• _Your objective_:
Copy out all the lines of the data that hold the word "inter".

• _Collected data_:
───

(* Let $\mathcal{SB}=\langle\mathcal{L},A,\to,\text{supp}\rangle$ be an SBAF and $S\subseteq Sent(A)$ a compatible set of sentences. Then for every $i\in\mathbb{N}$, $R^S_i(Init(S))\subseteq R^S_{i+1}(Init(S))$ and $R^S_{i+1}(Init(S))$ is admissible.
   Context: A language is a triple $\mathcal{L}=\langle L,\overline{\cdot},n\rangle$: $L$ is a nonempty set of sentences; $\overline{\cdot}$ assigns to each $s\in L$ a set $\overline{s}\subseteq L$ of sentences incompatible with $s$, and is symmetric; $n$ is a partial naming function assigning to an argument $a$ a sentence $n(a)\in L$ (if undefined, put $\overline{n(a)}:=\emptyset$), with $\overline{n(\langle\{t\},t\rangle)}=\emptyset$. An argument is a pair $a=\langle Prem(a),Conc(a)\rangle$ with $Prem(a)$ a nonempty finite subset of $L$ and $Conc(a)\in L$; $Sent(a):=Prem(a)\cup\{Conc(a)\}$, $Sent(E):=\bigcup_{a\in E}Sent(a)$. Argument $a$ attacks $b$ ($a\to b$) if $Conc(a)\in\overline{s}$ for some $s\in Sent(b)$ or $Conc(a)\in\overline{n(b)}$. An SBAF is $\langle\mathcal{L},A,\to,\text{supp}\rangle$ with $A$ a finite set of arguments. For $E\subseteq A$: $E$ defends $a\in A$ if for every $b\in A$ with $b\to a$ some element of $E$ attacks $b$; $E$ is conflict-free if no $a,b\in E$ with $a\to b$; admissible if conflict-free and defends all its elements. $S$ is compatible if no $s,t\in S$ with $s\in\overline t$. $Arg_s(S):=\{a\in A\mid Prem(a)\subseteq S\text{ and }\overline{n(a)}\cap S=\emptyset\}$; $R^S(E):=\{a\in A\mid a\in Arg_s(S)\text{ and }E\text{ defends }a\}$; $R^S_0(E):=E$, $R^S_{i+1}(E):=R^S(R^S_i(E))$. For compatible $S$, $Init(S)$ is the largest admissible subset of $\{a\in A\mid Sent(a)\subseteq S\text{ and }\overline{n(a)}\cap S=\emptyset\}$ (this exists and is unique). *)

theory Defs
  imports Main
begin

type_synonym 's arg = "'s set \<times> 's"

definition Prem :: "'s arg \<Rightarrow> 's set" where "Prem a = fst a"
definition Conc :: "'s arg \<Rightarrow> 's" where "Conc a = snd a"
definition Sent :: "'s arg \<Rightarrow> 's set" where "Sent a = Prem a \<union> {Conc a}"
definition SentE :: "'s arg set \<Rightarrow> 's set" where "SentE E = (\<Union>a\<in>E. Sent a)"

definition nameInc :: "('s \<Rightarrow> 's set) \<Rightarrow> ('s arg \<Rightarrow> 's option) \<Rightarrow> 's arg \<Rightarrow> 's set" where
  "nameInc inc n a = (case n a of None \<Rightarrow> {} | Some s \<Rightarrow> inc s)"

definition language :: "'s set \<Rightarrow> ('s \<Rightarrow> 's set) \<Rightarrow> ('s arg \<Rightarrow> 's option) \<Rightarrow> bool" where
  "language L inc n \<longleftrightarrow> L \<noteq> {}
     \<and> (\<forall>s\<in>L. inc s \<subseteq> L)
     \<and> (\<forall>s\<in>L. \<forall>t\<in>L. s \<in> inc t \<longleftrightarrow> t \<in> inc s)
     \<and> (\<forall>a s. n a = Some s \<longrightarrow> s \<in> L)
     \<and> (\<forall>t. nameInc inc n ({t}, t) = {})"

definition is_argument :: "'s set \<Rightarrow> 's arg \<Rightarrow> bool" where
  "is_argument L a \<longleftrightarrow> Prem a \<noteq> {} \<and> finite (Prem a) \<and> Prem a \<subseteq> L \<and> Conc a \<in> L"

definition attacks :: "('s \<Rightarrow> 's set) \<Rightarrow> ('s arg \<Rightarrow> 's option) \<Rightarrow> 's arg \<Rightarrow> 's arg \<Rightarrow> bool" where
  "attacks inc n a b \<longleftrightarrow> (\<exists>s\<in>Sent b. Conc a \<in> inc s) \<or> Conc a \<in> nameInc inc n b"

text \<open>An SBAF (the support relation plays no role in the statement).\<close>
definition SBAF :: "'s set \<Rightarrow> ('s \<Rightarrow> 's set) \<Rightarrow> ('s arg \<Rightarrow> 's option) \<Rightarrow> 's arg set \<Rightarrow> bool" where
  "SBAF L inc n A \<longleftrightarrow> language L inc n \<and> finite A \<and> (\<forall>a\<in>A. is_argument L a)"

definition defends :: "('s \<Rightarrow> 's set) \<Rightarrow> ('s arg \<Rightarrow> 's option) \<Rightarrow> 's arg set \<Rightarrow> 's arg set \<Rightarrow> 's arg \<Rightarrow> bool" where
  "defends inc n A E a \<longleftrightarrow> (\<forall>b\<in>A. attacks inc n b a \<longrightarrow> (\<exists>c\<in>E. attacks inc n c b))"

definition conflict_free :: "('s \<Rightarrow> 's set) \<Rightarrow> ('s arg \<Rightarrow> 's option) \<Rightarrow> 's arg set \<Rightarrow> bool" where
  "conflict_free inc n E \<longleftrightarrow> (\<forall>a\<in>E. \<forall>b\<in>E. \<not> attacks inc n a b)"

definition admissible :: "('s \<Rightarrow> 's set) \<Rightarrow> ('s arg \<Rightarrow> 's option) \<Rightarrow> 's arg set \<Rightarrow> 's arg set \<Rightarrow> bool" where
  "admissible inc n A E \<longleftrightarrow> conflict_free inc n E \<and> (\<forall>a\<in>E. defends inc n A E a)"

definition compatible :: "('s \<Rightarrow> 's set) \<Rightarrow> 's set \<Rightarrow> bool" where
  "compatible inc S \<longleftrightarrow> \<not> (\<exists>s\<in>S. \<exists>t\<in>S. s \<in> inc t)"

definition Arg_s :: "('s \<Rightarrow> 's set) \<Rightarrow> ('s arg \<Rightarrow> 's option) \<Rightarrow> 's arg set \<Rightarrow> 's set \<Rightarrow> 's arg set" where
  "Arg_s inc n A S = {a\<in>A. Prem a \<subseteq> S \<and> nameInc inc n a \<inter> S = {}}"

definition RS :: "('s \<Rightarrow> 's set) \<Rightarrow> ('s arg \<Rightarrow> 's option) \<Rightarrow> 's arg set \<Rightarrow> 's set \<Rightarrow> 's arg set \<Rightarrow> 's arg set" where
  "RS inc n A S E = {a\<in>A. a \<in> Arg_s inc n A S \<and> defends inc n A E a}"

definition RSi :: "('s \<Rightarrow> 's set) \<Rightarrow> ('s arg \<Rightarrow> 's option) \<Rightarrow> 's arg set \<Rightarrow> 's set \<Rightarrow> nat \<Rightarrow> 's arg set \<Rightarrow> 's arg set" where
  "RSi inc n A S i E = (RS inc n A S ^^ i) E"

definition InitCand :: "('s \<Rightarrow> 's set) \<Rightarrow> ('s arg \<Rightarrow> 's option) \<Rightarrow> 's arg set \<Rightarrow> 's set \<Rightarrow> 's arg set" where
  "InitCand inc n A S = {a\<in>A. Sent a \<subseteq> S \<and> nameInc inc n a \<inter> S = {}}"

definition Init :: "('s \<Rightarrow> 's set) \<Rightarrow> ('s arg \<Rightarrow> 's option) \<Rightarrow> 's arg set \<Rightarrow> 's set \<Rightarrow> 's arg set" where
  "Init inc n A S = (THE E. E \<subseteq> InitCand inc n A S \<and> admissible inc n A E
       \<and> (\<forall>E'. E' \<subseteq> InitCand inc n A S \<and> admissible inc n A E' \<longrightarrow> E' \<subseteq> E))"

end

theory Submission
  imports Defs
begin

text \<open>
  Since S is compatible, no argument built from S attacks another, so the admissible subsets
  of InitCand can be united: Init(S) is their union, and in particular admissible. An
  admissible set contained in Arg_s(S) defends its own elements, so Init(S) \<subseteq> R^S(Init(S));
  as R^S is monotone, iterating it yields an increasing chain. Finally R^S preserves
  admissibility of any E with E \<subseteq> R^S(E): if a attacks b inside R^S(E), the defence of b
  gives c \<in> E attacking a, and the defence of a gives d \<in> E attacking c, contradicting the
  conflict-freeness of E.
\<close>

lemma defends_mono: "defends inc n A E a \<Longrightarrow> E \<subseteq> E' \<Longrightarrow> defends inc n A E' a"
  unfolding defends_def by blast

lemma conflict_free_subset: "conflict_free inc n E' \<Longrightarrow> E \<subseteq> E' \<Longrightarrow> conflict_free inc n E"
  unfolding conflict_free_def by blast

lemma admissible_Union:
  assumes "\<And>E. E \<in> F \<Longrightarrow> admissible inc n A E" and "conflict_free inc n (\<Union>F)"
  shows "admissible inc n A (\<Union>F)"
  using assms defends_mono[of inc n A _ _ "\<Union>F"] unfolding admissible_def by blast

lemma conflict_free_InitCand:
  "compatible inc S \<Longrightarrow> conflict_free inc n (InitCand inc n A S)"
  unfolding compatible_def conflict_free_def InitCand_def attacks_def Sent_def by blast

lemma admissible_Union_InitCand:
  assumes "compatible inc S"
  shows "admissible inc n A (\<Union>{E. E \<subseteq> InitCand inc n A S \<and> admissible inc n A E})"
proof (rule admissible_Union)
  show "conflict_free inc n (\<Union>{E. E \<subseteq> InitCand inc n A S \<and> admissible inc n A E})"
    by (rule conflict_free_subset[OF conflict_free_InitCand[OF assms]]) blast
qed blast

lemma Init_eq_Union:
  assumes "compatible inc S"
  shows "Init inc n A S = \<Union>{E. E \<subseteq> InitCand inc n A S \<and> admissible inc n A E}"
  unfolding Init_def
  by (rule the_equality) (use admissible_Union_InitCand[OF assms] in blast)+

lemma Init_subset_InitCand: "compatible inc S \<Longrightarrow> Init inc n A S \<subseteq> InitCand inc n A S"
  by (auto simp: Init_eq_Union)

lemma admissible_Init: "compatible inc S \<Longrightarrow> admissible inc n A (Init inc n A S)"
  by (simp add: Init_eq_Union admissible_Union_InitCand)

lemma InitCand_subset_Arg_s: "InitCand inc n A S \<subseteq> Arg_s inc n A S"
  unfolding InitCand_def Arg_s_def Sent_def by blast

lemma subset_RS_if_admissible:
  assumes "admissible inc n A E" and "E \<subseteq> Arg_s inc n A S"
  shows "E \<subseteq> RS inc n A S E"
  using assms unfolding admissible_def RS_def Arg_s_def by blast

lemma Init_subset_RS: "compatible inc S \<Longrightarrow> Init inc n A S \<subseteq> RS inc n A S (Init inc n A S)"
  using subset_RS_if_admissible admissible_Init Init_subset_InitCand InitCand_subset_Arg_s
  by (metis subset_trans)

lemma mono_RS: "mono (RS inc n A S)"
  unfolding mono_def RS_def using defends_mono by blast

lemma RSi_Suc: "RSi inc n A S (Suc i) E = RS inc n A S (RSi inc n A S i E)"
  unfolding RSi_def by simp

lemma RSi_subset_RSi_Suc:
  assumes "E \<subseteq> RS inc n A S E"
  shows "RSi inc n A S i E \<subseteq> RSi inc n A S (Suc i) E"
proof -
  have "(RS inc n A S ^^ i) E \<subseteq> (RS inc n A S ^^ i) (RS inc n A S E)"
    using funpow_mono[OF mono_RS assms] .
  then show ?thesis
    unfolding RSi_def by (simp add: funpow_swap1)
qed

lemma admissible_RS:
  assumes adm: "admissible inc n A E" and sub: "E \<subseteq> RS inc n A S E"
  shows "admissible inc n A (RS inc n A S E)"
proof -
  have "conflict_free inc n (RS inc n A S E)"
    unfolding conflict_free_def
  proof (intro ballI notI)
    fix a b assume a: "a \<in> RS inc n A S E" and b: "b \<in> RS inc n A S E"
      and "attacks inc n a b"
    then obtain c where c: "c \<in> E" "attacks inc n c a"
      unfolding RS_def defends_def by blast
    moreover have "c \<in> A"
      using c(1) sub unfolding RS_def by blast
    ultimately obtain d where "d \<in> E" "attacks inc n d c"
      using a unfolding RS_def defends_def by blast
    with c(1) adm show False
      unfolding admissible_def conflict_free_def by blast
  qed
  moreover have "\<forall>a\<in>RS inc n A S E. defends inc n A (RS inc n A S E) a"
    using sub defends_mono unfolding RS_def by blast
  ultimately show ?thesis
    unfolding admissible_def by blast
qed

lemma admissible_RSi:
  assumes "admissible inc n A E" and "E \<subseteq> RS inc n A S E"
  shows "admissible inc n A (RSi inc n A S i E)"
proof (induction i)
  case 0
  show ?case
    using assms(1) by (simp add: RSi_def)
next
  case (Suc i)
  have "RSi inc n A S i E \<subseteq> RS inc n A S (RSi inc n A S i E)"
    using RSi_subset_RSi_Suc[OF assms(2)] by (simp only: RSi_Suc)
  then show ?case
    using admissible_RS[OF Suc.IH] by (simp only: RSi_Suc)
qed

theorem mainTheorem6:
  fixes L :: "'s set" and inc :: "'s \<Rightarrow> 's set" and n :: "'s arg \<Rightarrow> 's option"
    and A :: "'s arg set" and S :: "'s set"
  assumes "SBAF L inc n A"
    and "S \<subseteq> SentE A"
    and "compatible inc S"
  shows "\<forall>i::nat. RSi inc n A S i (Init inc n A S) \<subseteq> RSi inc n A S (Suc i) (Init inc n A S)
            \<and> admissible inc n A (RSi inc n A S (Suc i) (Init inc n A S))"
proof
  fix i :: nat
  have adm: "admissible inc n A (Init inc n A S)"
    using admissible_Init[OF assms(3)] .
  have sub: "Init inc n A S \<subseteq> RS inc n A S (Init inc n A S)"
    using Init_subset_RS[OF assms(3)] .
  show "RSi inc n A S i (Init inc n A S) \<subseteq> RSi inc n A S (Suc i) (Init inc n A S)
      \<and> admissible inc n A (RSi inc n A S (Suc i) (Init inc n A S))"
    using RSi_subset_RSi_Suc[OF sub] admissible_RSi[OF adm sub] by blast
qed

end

───

• _Worked solution_:
  "Arg_s inc n A S = {a\<in>A. Prem a \<subseteq> S \<and> nameInc inc n a \<inter> S = {}}"
  "InitCand inc n A S = {a\<in>A. Sent a \<subseteq> S \<and> nameInc inc n a \<inter> S = {}}"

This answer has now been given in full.